Problem: Retype the listing that follows, leaving nothing out.

Records for processing:
lemma segment_graph:
  assumes "a$1 < b$1"
  shows "closed_segment a b = {p. a$1 \<le> p$1 \<and> p$1 \<le> b$1 \<and> p$2 = line_at a (b - a) (p$1)}"
proof (intro set_eqI iffI)
  fix p assume "p \<in> closed_segment a b"
  then obtain t where t: "0 \<le> t" "t \<le> 1" "p = (1 - t) *\<^sub>R a + t *\<^sub>R b"
    unfolding closed_segment_def by auto
  have "p$1 = (1-t)*a$1 + t*b$1" "p$2 = (1-t)*a$2 + t*b$2" using t(3) by simp_all
  then have e1: "p$1 = a$1 + t * (b$1 - a$1)" and e2: "p$2 = a$2 + t * (b$2 - a$2)"
    by (simp_all add: algebra_simps)
  have "t * (b$1 - a$1) \<ge> 0" "t * (b$1 - a$1) \<le> b$1 - a$1" using t assms
    by (simp_all add: mult_left_le)
  moreover have "a$2 + t * (b$2 - a$2) = a$2 + (t * (b$1 - a$1)) * ((b$2 - a$2) / (b$1 - a$1))"
    using assms by simp
  ultimately show "p \<in> {p. a$1 \<le> p$1 \<and> p$1 \<le> b$1 \<and> p$2 = line_at a (b - a) (p$1)}"
    using e1 e2 unfolding line_at_def by simp
next
  fix p :: "real^2" assume p: "p \<in> {p. a$1 \<le> p$1 \<and> p$1 \<le> b$1 \<and> p$2 = line_at a (b - a) (p$1)}"
  define t where "t = (p$1 - a$1) / (b$1 - a$1)"
  have "t \<ge> 0" "t \<le> 1" unfolding t_def using p assms by simp_all
  moreover have "t * (b$1 - a$1) = p$1 - a$1" unfolding t_def using assms by simp
  moreover have "t * (b$2 - a$2) = (p$1 - a$1) * ((b$2 - a$2) / (b$1 - a$1))"
    unfolding t_def by simp
  moreover have "(1-t)*a$1 + t*b$1 = a$1 + t*(b$1-a$1)" "(1-t)*a$2 + t*b$2 = a$2 + t*(b$2-a$2)"
    by (simp_all add: algebra_simps)
  ultimately have "p = (1 - t) *\<^sub>R a + t *\<^sub>R b"
    unfolding vec2_eq_iff using p by (simp add: line_at_def)
  with \<open>t \<ge> 0\<close> \<open>t \<le> 1\<close> show "p \<in> closed_segment a b" unfolding closed_segment_def by auto
qed

lemma segment_graph':
  assumes "b$1 < a$1"
  shows "closed_segment a b = {p. b$1 \<le> p$1 \<and> p$1 \<le> a$1 \<and> p$2 = line_at a (a - b) (p$1)}"
  using segment_graph[OF assms] line_at_same_line[of a b] assms
  by (simp add: closed_segment_commute)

Exercise result:
lemma segment_graph:
  assumes "a$1 < b$1"
  shows "closed_segment a b = {p. a$1 \<le> p$1 \<and> p$1 \<le> b$1 \<and> p$2 = line_at a (b - a) (p$1)}"
proof (intro set_eqI iffI)
  fix p assume "p \<in> closed_segment a b"
  then obtain t where t: "0 \<le> t" "t \<le> 1" "p = (1 - t) *\<^sub>R a + t *\<^sub>R b"
    unfolding closed_segment_def by auto
  have "p$1 = (1-t)*a$1 + t*b$1" "p$2 = (1-t)*a$2 + t*b$2" using t(3) by simp_all
  then have e1: "p$1 = a$1 + t * (b$1 - a$1)" and e2: "p$2 = a$2 + t * (b$2 - a$2)"
    by (simp_all add: algebra_simps)
  have "t * (b$1 - a$1) \<ge> 0" "t * (b$1 - a$1) \<le> b$1 - a$1" using t assms
    by (simp_all add: mult_left_le)
  moreover have "a$2 + t * (b$2 - a$2) = a$2 + (t * (b$1 - a$1)) * ((b$2 - a$2) / (b$1 - a$1))"
    using assms by simp
  ultimately show "p \<in> {p. a$1 \<le> p$1 \<and> p$1 \<le> b$1 \<and> p$2 = line_at a (b - a) (p$1)}"
    using e1 e2 unfolding line_at_def by simp
next
  fix p :: "real^2" assume p: "p \<in> {p. a$1 \<le> p$1 \<and> p$1 \<le> b$1 \<and> p$2 = line_at a (b - a) (p$1)}"
  define t where "t = (p$1 - a$1) / (b$1 - a$1)"
  have "t \<ge> 0" "t \<le> 1" unfolding t_def using p assms by simp_all
  moreover have "t * (b$1 - a$1) = p$1 - a$1" unfolding t_def using assms by simp
  moreover have "t * (b$2 - a$2) = (p$1 - a$1) * ((b$2 - a$2) / (b$1 - a$1))"
    unfolding t_def by simp
  moreover have "(1-t)*a$1 + t*b$1 = a$1 + t*(b$1-a$1)" "(1-t)*a$2 + t*b$2 = a$2 + t*(b$2-a$2)"
    by (simp_all add: algebra_simps)
  ultimately have "p = (1 - t) *\<^sub>R a + t *\<^sub>R b"
    unfolding vec2_eq_iff using p by (simp add: line_at_def)
  with \<open>t \<ge> 0\<close> \<open>t \<le> 1\<close> show "p \<in> closed_segment a b" unfolding closed_segment_def by auto
qed

lemma segment_graph':
  assumes "b$1 < a$1"
  shows "closed_segment a b = {p. b$1 \<le> p$1 \<and> p$1 \<le> a$1 \<and> p$2 = line_at a (a - b) (p$1)}"
  using segment_graph[OF assms] line_at_same_line[of a b] assms
  by (simp add: closed_segment_commute)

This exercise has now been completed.